"I can talk on this subject with authority, because I used to be the most disorganised person!" admits Dr Marilyn Paul, author of a new book "Why am I so disorganised?". "From major examples of chaos, down to never putting things back when I'd finished with them, I had so many bad habits."
But if you want to achieve true work–life balance, you have to be in control of how you spend your time, and put in place new, better habits. "It's all about changing your mindset," she adds. "Just like dieting or giving up smoking, organising your life is not a set of tips, but a new approach, with new habits to learn and practise until they become second nature."
Clearing your desk and writing a "To Do" list is not enough, she says: in two days you've lost your list in the clutter, and you're no further forward. You need to start by understanding the depth of the problem, and building your motivation to change.
Ask yourself:
Just like athletes visualising breaking the winning tape, you must visualise the person you'd like to be. "Fix on ideal images of yourself at work – smart, calm, professional, with everything under control – and keep them firmly in mind," says Dr Paul.
Next, take an honest look at the true cost of your lack of organisation – quite apart from the horror of living in chaos. "Many people I have counselled in organisations over the years can say they have lost perhaps £10,000 or £20,000 by missing out on promotions, productivity bonuses, or pay rises.
"Being unreliable, producing messy work, missing deadlines, skidding into meetings unprepared, and never being on time will ultimately mean that you can't make the career moves you'd like to," explains Dr Paul, a specialist in change management. "If you're a disaster area at work, you simply won't get promoted."
Dr Paul explains also that your work-mates secretly loathe your behaviour. "You make life harder for them too, as they have to pick up the pieces from your lateness and lack of preparation."
The final preparatory step on the road to an organised worklife, is the toughest. "Take responsibility for your part in the chaos! It's no good blaming your boss for giving you too much work, for example. You need to learn ways to say no, to get help, etc. It's up to you to change that situation."

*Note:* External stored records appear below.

lemma supported_in_span_unit_vectors:
  fixes v :: "nat \<Rightarrow> 'k::field"
  assumes "\<forall>i\<ge>r. v i = 0"
  shows "v \<in> fun_space.span ((\<lambda>i j. if j = i then 1 else 0) ` {..<r})"
proof -
  have "v = (\<Sum>i<r. (\<lambda>j. v i * (if j = i then 1 else 0)))"
  proof
    fix x
    show "v x = (\<Sum>i<r. (\<lambda>j. v i * (if j = i then 1 else 0))) x"
      using assms by (auto simp: sum_fun_apply if_distrib sum.delta not_less cong: if_cong)
  qed
  also have "\<dots> \<in> fun_space.span ((\<lambda>i j. if j = i then 1 else 0) ` {..<r})"
    by (intro fun_space.span_sum fun_space.span_scale fun_space.span_base) auto
  finally show ?thesis .
qed

lemma subspace_contains_supported_if_dim_eq:
  fixes E :: "(nat \<Rightarrow> 'k::field) set"
  assumes E: "fun_space.subspace E" and dim_E: "fun_space.dim E = r"
    and E_supported: "\<forall>v\<in>E. \<forall>i\<ge>r. v i = 0" and w: "\<forall>i\<ge>r. w i = 0"
  shows "w \<in> E"
proof (rule ccontr)
  assume "w \<notin> E"
  define U where "U = (\<lambda>i j. if j = i then 1 else (0::'k)) ` {..<r}"
  obtain B where B: "B \<subseteq> E" "fun_space.independent B" "E \<subseteq> fun_space.span B" "card B = r"
    using fun_space.basis_exists[of E] dim_E by blast
  have "w \<notin> fun_space.span B"
    using fun_space.span_minimal[OF B(1) E] \<open>w \<notin> E\<close> by blast
  then have "fun_space.independent (insert w B)"
    using fun_space.independent_insertI B(2) by blast
  moreover have "insert w B \<subseteq> fun_space.span U"
    using B(1) E_supported w supported_in_span_unit_vectors unfolding U_def by blast
  ultimately have "finite (insert w B) \<and> card (insert w B) \<le> card U"
    by (intro fun_space.independent_span_bound) (simp_all add: U_def)
  moreover have "card U \<le> r"
    unfolding U_def using card_image_le[of "{..<r}"] by simp
  moreover have "w \<notin> B"
    using \<open>w \<notin> E\<close> B(1) by blast
  ultimately show False
    using B(4) by auto
qed

lemma eval_vectors_subspace: "fun_space.subspace (eval_vectors n r P l)"
proof (rule fun_space.subspaceI)
  show "0 \<in> eval_vectors n r P l"
    unfolding eval_vectors_def by (intro CollectI exI[of _ 0]) (simp add: fun_eq_iff)
next
  fix x y
  assume "x \<in> eval_vectors n r P l" "y \<in> eval_vectors n r P l"
  then obtain f g where "f \<in> polys n" "homog (int l) f" "x = (\<lambda>i. if i < r then peval f (P i) else 0)"
    and "g \<in> polys n" "homog (int l) g" "y = (\<lambda>i. if i < r then peval g (P i) else 0)"
    unfolding eval_vectors_def by blast
  then show "x + y \<in> eval_vectors n r P l"
    unfolding eval_vectors_def
    by (intro CollectI exI[of _ "f + g"]) (simp add: fun_eq_iff peval_add polys_add homog_add)
next
  fix c x
  assume "x \<in> eval_vectors n r P l"
  then obtain f where "f \<in> polys n" "homog (int l) f" "x = (\<lambda>i. if i < r then peval f (P i) else 0)"
    unfolding eval_vectors_def by blast
  moreover have "homog (int l) (Poly_Mapping.single 0 c * f)"
    using homog_mult[OF homog_single[of 0 c] \<open>homog (int l) f\<close>] by simp
  ultimately show "(\<lambda>i. c * x i) \<in> eval_vectors n r P l"
    unfolding eval_vectors_def
    by (intro CollectI exI[of _ "Poly_Mapping.single 0 c * f"])
       (simp add: fun_eq_iff peval_mult peval_single polys_mult polys_single)
qed

lemma binomial_mono_degree:
  assumes "n \<ge> 1" "d \<le> L"
  shows "(n + d - 1) choose d \<le> (n + L - 1) choose L"
  using assms(2)
proof (induction L rule: dec_induct)
  case (step L)
  have "n + Suc L - 1 = Suc (n + L - 1)"
    using assms(1) by simp
  then have "(n + Suc L - 1) choose Suc L = ((n + L - 1) choose L) + ((n + L - 1) choose Suc L)"
    by (simp only: binomial_Suc_Suc)
  then show ?case
    using step by simp
qed simp

lemma forms_interpolate_if_general_position:
  fixes P :: "nat \<Rightarrow> nat \<Rightarrow> 'k::field"
  assumes n: "n \<ge> 1" and gp: "general_position n r P"
    and r: "r \<le> (n + d - 1) choose d" and L: "d \<le> L"
  shows "forms_interpolate n r P (int L)"
  unfolding forms_interpolate_def
proof
  fix w :: "nat \<Rightarrow> 'k"
  show "\<exists>a\<in>polys n. homog (int L) a \<and> (\<forall>i<r. peval a (P i) = w i)"
  proof (cases "L = 0")
    case True
    \<comment> \<open>general position says nothing in degree \<open>0\<close>, but here \<open>r \<le> 1\<close>\<close>
    then have "\<forall>i<r. i = 0"
      using r L by auto
    moreover have "homog (int L) (Poly_Mapping.single 0 (w 0))"
      using True homog_single[of 0 "w 0"] by simp
    ultimately show ?thesis
      by (intro bexI[of _ "Poly_Mapping.single 0 (w 0)"]) (auto simp: peval_single polys_single)
  next
    case False
    have "fun_space.dim (eval_vectors n r P L) = r"
      using gp False binomial_mono_degree[OF n L] r
      by (simp add: general_position_def conditions_imposed_def min_absorb1)
    then have "(\<lambda>i. if i < r then w i else 0) \<in> eval_vectors n r P L"
      by (rule subspace_contains_supported_if_dim_eq[OF eval_vectors_subspace])
         (auto simp: eval_vectors_def)
    then obtain a where "a \<in> polys n" "homog (int L) a"
      and "(\<lambda>i. if i < r then w i else 0) = (\<lambda>i. if i < r then peval a (P i) else 0)"
      unfolding eval_vectors_def by blast
    then show ?thesis
      by (metis (mono_tags, lifting))
  qed
qed

theorem mainTheorem2:
  fixes n r :: nat and P :: "nat \<Rightarrow> nat \<Rightarrow> 'k::{alg_closed_field, field_char_0}"
  assumes "n \<ge> 1" and "proj_points n r P"
  shows "(\<forall>l::int. K_deg r (l + 1) = O_deg n r P (l + 1)
                    \<longrightarrow> T1_vanishes n (cone_ideal n r P) l)
     \<and> (\<forall>d::nat. general_position n r P \<longrightarrow>
          (if d = 0 then 0 else (n + d - 2) choose (d - 1)) < r \<longrightarrow>
          r \<le> (n + d - 1) choose d \<longrightarrow>
          (\<forall>l::int. l \<ge> int d - 1 \<longrightarrow> T1_vanishes n (cone_ideal n r P) l))"
proof -
  have T1_vanishes_if_K_eq_O: "T1_vanishes n (cone_ideal n r P) l"
    if "K_deg r (l + 1) = O_deg n r P (l + 1)" for l
    using T1_vanishes_if_forms_interpolate[OF assms(2)] forms_interpolate_if_K_deg_eq_O_deg that .
  have "K_deg r (l + 1) = O_deg n r P (l + 1)"
    if "general_position n r P" "r \<le> (n + d - 1) choose d" "l \<ge> int d - 1" for d l
  proof -
    have "l + 1 = int (nat (l + 1))" "d \<le> nat (l + 1)"
      using that(3) by auto
    then show ?thesis
      using forms_interpolate_if_general_position[OF assms(1) that(1,2)]
      by (metis K_deg_eq_O_deg_if_forms_interpolate)
  qed
  then show ?thesis
    using T1_vanishes_if_K_eq_O by blast
qed

end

So, armed with your visualisation, your motivation and your understanding of your own role in it, you can move forward. "Only then can you start re-organising your desk and your work methods," Dr Paul says. "Plenty of great techniques, strategies and products exist to help you sort yourself out, which I explain in my book, but you have to understand the benefits to you and those around you, and really want to make a change."
In her 25 years working with firms such as Motorola, Pfizer and the New York Times, Dr Paul has witnessed many people with excellent skills being hampered by disorganised behaviour. "I've seen a terrific social worker who constantly failed to get his case work in on time, so couldn't rise above Supervisor; a pharmaceutical executive who clung onto documents and had huge piles of papers covering the office floor; and a professor who couldn't keep on top of lecture notes, course work and marking student papers, and who lived in a constant agony of chaos."
Being disorganised, she maintains, is an expensive luxury. "Do you really want to be permanently stressed and overwhelmed, living a hectic and frenzied lifestyle?" she asks. "Believe me, there is an easier way!"